Blatt also analyzes other stylistic choices such as the use of thought verbs (thinks, knows, understands, realizes, believes, wants, remembers, imagines, desires, loves, hates), exclamation points and the use of suddenly and qualifiers like rather, very or little in hundreds of novels. Hemingway, Mark Twain, Toni Morrison and Chuck Palahniuk appear towards the top of multiple of the resulting style rankings, confirming what everyone already knew: They are good at what they do.

Unlike other popular science books, Blatt's consists of original research. The bibliography lists 1,500 literary fiction or bestselling popular fiction novels, but they're only used as the raw material for Blatt's data analysis. One side effect of presenting original research is that there are more figures than in other books. Most pages contain at least one graph or table. While they're clear and informative, the text that links them together sometimes appears redundant.

Nabokov's Favorite Word is Mauve left me with enough questions to hope for a sequel. For example, Blatt describes an approach that can determine a book's author by comparing the frequency of common words like and, the, then or these. It works well on novels, but what about shorter texts? How much better would a machine learning approach perform that not only uses word frequencies but also word co-occurrence, sentence structure and other metrics? Could it tell this blog post was written by me when given my previous posts? If so, I need to remember to never pen an anonymous op-ed if I ever enter politics.
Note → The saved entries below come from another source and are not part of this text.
(* Under the setting, assumptions (A1)–(A2) and the algorithm PDAc-L described in the context, the sequence $\{(x_n,y_n)\}$ generated by PDAc-L converges to a saddle point of $\mathcal L$, i.e. to a point of $\Omega$.
   Context: Let $f:\mathbb{R}^p\to(-\infty,+\infty]$ and $g:\mathbb{R}^q\to(-\infty,+\infty]$ be proper closed convex functions; $f^*(y)=\sup_u\{\langle y,u\rangle-f(u)\}$ is the Fenchel conjugate, $\mathrm{dom}(h)=\{x:h(x)<+\infty\}$, and for $\lambda>0$, $\mathrm{Prox}_{\lambda h}(x)=\arg\min_u\{h(u)+\frac{1}{2\lambda}\|u-x\|^2\}$. Let $\Phi:\mathrm{dom}(g)\times\mathrm{dom}(f^* )\to\mathbb{R}$ be continuous and $\mathcal L(x,y)=g(x)+\Phi(x,y)-f^*(y)$. Let $\Omega$ be the set of $(x^\star,y^\star)\in\mathrm{dom}(g)\times\mathrm{dom}(f^* )$ with $-\nabla_x\Phi(x^\star,y^\star)\in\partial g(x^\star)$ and $\nabla_y\Phi(x^\star,y^\star)\in\partial f^*(y^\star)$ (saddle points of $\mathcal L$). Assume: (A1) $\Omega\neq\emptyset$, $\mathrm{dom}(g)\times\mathrm{dom}(f^* )\subseteq\mathrm{dom}(\Phi)$, and $\mathcal L(x^\star,y^\star)$ is finite; (A2) for each $y\in\mathrm{dom}(f^* )$, $\Phi(\cdot,y)$ is convex and differentiable, for each $x\in\mathrm{dom}(g)$, $\Phi(x,\cdot)$ is concave and differentiable, and for all bounded $\mathcal X\subset\mathbb R^q$, $\mathcal Y\subset\mathbb R^p$ there exist $L_{yy},L_{xx}\ge 0$, $L_{xy}>0$ with $\|\nabla_y\Phi(x,y)-\nabla_y\Phi(x,\tilde y)\|\le L_{yy}\|y-\tilde y\|$ and $\|\nabla_x\Phi(x,y)-\nabla_x\Phi(\tilde x,\tilde y)\|\le L_{xx}\|x-\tilde x\|+L_{xy}\|y-\tilde y\|$ for all $x,\tilde x\in\mathcal X\cap\mathrm{dom}(g)$, $y,\tilde y\in\mathcal Y\cap\mathrm{dom}(f^* )$. Algorithm PDAc-L: choose $\psi\in(1,1+\sqrt3)$, $\xi>0$, $\varphi>1$ with $\omega:=2\psi-\xi-\frac{\psi^3\varphi}{1+\psi}>0$, $\tau_{\max}>0$, $\nu\in(0,1)$, $\mu\in(0,1)$, $\eta\in[0,1)$, an integer $M\ge1$, $\beta>0$, $x_0\in\mathrm{dom}(g)$, $y_0\in\mathrm{dom}(f^* )$, $\tau_0\in(0,\tau_{\max}]$; set $z_0=x_0$, $\delta_0=1$. For $n=1,2,\dots$: (1) $z_n=\frac{\psi-1}{\psi}x_{n-1}+\frac1\psi z_{n-1}$ and $x_n=\mathrm{Prox}_{\tau_{n-1}g}(z_n-\tau_{n-1}\nabla_x\Phi(x_{n-1},y_{n-1}))$. (2) Let $\tau=\min\{\varphi\tau_{n-1},\tau_{\max}\}$; set $\tau_n=\tau\mu^i$ and $y_n=\mathrm{Prox}_{\beta\tau_n f^*}(y_{n-1}+\beta\tau_n\nabla_y\Phi(x_n,y_{n-1}))$, where $i$ is the smallest nonnegative integer such that $\frac{\tau_n\tau_{n-1}}{\xi}\|\theta_n\|^2+2\tau_n\Phi_n^y\le\nu r_n+(1-\nu)c_n$, with $\theta_n=\nabla_x\Phi(x_n,y_n)-\nabla_x\Phi(x_{n-1},y_{n-1})$, $\Phi_n^y=\Phi(x_n,y_{n-1})+\langle\nabla_y\Phi(x_n,y_{n-1}),y_n-y_{n-1}\rangle-\Phi(x_n,y_n)$, $r_n=\omega\delta_{n-1}\|x_n-x_{n-1}\|^2+\frac1\beta\|y_n-y_{n-1}\|^2$, $c_n=\frac{\eta}{|\mathcal I_n|}\sum_{i\in\mathcal I_n}r_i$, $\mathcal I_n=\{n-1,n-2,\dots,\max\{n-M,1\}\}$ (the $r_i$ for $i<n$ being the values from earlier iterations; for $n=1$, $\mathcal I_1=\emptyset$ and $c_1:=0$). (3) $\delta_n=\tau_n/\tau_{n-1}$. *)

theory Defs
  imports "HOL-Analysis.Analysis"
begin

text \<open>Functions R^n -> (-inf,+inf] are modelled as ereal-valued functions that never take -inf.\<close>

definition edom :: "('a \<Rightarrow> ereal) \<Rightarrow> 'a set" where
  "edom h = {x. h x < \<infinity>}"

definition proper_fun :: "('a \<Rightarrow> ereal) \<Rightarrow> bool" where
  "proper_fun h \<longleftrightarrow> (\<forall>x. h x \<noteq> -\<infinity>) \<and> (\<exists>x. h x < \<infinity>)"

definition eepigraph :: "('a \<Rightarrow> ereal) \<Rightarrow> ('a \<times> real) set" where
  "eepigraph h = {(x, t). h x \<le> ereal t}"

definition convex_fun :: "('a::real_vector \<Rightarrow> ereal) \<Rightarrow> bool" where
  "convex_fun h \<longleftrightarrow> convex (eepigraph h)"

definition closed_fun :: "('a::real_normed_vector \<Rightarrow> ereal) \<Rightarrow> bool" where
  "closed_fun h \<longleftrightarrow> closed (eepigraph h)"

definition proper_closed_convex :: "('a::real_normed_vector \<Rightarrow> ereal) \<Rightarrow> bool" where
  "proper_closed_convex h \<longleftrightarrow> proper_fun h \<and> closed_fun h \<and> convex_fun h"

definition fenchel_conj :: "('a::real_inner \<Rightarrow> ereal) \<Rightarrow> 'a \<Rightarrow> ereal" where
  "fenchel_conj f y = (SUP u. ereal (inner y u) - f u)"

definition subdiff :: "('a::real_inner \<Rightarrow> ereal) \<Rightarrow> 'a \<Rightarrow> 'a set" where
  "subdiff h x = {v. h x \<noteq> \<infinity> \<and> h x \<noteq> -\<infinity> \<and>
                     (\<forall>u. h x + ereal (inner v (u - x)) \<le> h u)}"

definition Prox :: "real \<Rightarrow> ('a::real_normed_vector \<Rightarrow> ereal) \<Rightarrow> 'a \<Rightarrow> 'a" where
  "Prox lam h x = (THE u. \<forall>v. h u + ereal ((norm (u - x))\<^sup>2 / (2 * lam))
                                 \<le> h v + ereal ((norm (v - x))\<^sup>2 / (2 * lam)))"

text \<open>gx, gy are the partial gradients of Phi (linked to Phi by hypotheses of the theorem).\<close>
definition saddle_set ::
  "('a::real_inner \<Rightarrow> ereal) \<Rightarrow> ('b::real_inner \<Rightarrow> ereal) \<Rightarrow>
   ('a \<Rightarrow> 'b \<Rightarrow> 'a) \<Rightarrow> ('a \<Rightarrow> 'b \<Rightarrow> 'b) \<Rightarrow> ('a \<times> 'b) set" where
  "saddle_set g fs gx gy =
     {(xs, ys). xs \<in> edom g \<and> ys \<in> edom fs \<and>
                - gx xs ys \<in> subdiff g xs \<and> gy xs ys \<in> subdiff fs ys}"

definition pdacl_r :: "real \<Rightarrow> real \<Rightarrow> real \<Rightarrow> 'a::real_normed_vector \<Rightarrow> 'a \<Rightarrow>
                       'b::real_normed_vector \<Rightarrow> 'b \<Rightarrow> real" where
  "pdacl_r \<omega> \<beta> dprev xn xp yn yp =
     \<omega> * dprev * (norm (xn - xp))\<^sup>2 + (1 / \<beta>) * (norm (yn - yp))\<^sup>2"

definition pdacl_c :: "real \<Rightarrow> nat \<Rightarrow> (nat \<Rightarrow> real) \<Rightarrow> nat \<Rightarrow> real" where
  "pdacl_c \<eta> M r n =
     (if n \<le> 1 then 0
      else \<eta> / real (card {max (n - M) 1..<n}) * (\<Sum>i\<in>{max (n - M) 1..<n}. r i))"

text \<open>The line-search test of step (2) for trial step t and trial point yt at iteration n.\<close>
definition pdacl_test ::
  "('a::real_inner \<Rightarrow> 'b::real_inner \<Rightarrow> real) \<Rightarrow> ('a \<Rightarrow> 'b \<Rightarrow> 'a) \<Rightarrow> ('a \<Rightarrow> 'b \<Rightarrow> 'b) \<Rightarrow>
   real \<Rightarrow> real \<Rightarrow> real \<Rightarrow> real \<Rightarrow> real \<Rightarrow> nat \<Rightarrow>
   (nat \<Rightarrow> 'a) \<Rightarrow> (nat \<Rightarrow> 'b) \<Rightarrow> (nat \<Rightarrow> real) \<Rightarrow> (nat \<Rightarrow> real) \<Rightarrow>
   nat \<Rightarrow> real \<Rightarrow> 'b \<Rightarrow> bool" where
  "pdacl_test \<Phi> gx gy \<xi> \<omega> \<nu> \<eta> \<beta> M x y \<tau> \<delta> n t yt \<longleftrightarrow>
     (let \<theta> = gx (x n) yt - gx (x (n - 1)) (y (n - 1));
          \<Phi>y = \<Phi> (x n) (y (n - 1)) + inner (gy (x n) (y (n - 1))) (yt - y (n - 1)) - \<Phi> (x n) yt;
          rn = pdacl_r \<omega> \<beta> (\<delta> (n - 1)) (x n) (x (n - 1)) yt (y (n - 1));
          r = (\<lambda>i. pdacl_r \<omega> \<beta> (\<delta> (i - 1)) (x i) (x (i - 1)) (y i) (y (i - 1)));
          cn = pdacl_c \<eta> M r n
      in t * \<tau> (n - 1) / \<xi> * (norm \<theta>)\<^sup>2 + 2 * t * \<Phi>y \<le> \<nu> * rn + (1 - \<nu>) * cn)"

definition pdacl_seq ::
  "('a::real_inner \<Rightarrow> ereal) \<Rightarrow> ('b::real_inner \<Rightarrow> ereal) \<Rightarrow>
   ('a \<Rightarrow> 'b \<Rightarrow> real) \<Rightarrow> ('a \<Rightarrow> 'b \<Rightarrow> 'a) \<Rightarrow> ('a \<Rightarrow> 'b \<Rightarrow> 'b) \<Rightarrow>
   real \<Rightarrow> real \<Rightarrow> real \<Rightarrow> real \<Rightarrow> real \<Rightarrow> real \<Rightarrow> real \<Rightarrow> nat \<Rightarrow> real \<Rightarrow>
   (nat \<Rightarrow> 'a) \<Rightarrow> (nat \<Rightarrow> 'b) \<Rightarrow> (nat \<Rightarrow> 'a) \<Rightarrow> (nat \<Rightarrow> real) \<Rightarrow> (nat \<Rightarrow> real) \<Rightarrow> bool" where
  "pdacl_seq g fs \<Phi> gx gy \<psi> \<xi> \<phi> \<tau>max \<nu> \<mu> \<eta> M \<beta> x y z \<tau> \<delta> \<longleftrightarrow>
     (let \<omega> = 2 * \<psi> - \<xi> - \<psi> ^ 3 * \<phi> / (1 + \<psi>) in
      z 0 = x 0 \<and> \<delta> 0 = 1 \<and>
      (\<forall>n\<ge>1.
         z n = ((\<psi> - 1) / \<psi>) *\<^sub>R x (n - 1) + (1 / \<psi>) *\<^sub>R z (n - 1) \<and>
         x n = Prox (\<tau> (n - 1)) g (z n - \<tau> (n - 1) *\<^sub>R gx (x (n - 1)) (y (n - 1))) \<and>
         (let \<tau>b = min (\<phi> * \<tau> (n - 1)) \<tau>max;
              yt = (\<lambda>t. Prox (\<beta> * t) fs (y (n - 1) + (\<beta> * t) *\<^sub>R gy (x n) (y (n - 1))))
          in \<exists>i::nat.
               \<tau> n = \<tau>b * \<mu> ^ i \<and> y n = yt (\<tau> n) \<and>
               pdacl_test \<Phi> gx gy \<xi> \<omega> \<nu> \<eta> \<beta> M x y \<tau> \<delta> n (\<tau> n) (y n) \<and>
               (\<forall>j<i. \<not> pdacl_test \<Phi> gx gy \<xi> \<omega> \<nu> \<eta> \<beta> M x y \<tau> \<delta> n
                          (\<tau>b * \<mu> ^ j) (yt (\<tau>b * \<mu> ^ j)))) \<and>
         \<delta> n = \<tau> n / \<tau> (n - 1)))"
But what I really want - data journalists take note - is a website where I can explore different metrics like adverb abuse, Flesch-Kincaid readability, gender-specific pronoun use and so on in interactive graphs.

November 12, 2019

Jonathan B. Losos' Improbable Destinies

Is there such a thing as destiny? How resilient are outcomes to changed starting conditions?

This was the question that Stephen Jay Gould asked in his 1989 book Wonderful Life. He thought that if we went back in time to the Precambrian period before animals were a thing and restarted the tape of life, the kind of creatures that would evolve would be very different to what we have now. Maybe while you're back there you step on a worm that turns out to be your ancestor, and voila, no humans. Think of it as an evolutionary Butterfly Effect.

In 2003, Simon Conway Morris published Life's Solution, in which he made the opposite argument. He thinks that because of the pervasiveness of convergent evolution, the outcome is preordained. Flight has evolved multiple times in vertebrates: Birds fly, bats fly, pterodactyls flew. No matter how many times we go back to the Precambrian and trample the local primitive wildlife, flying will evolve.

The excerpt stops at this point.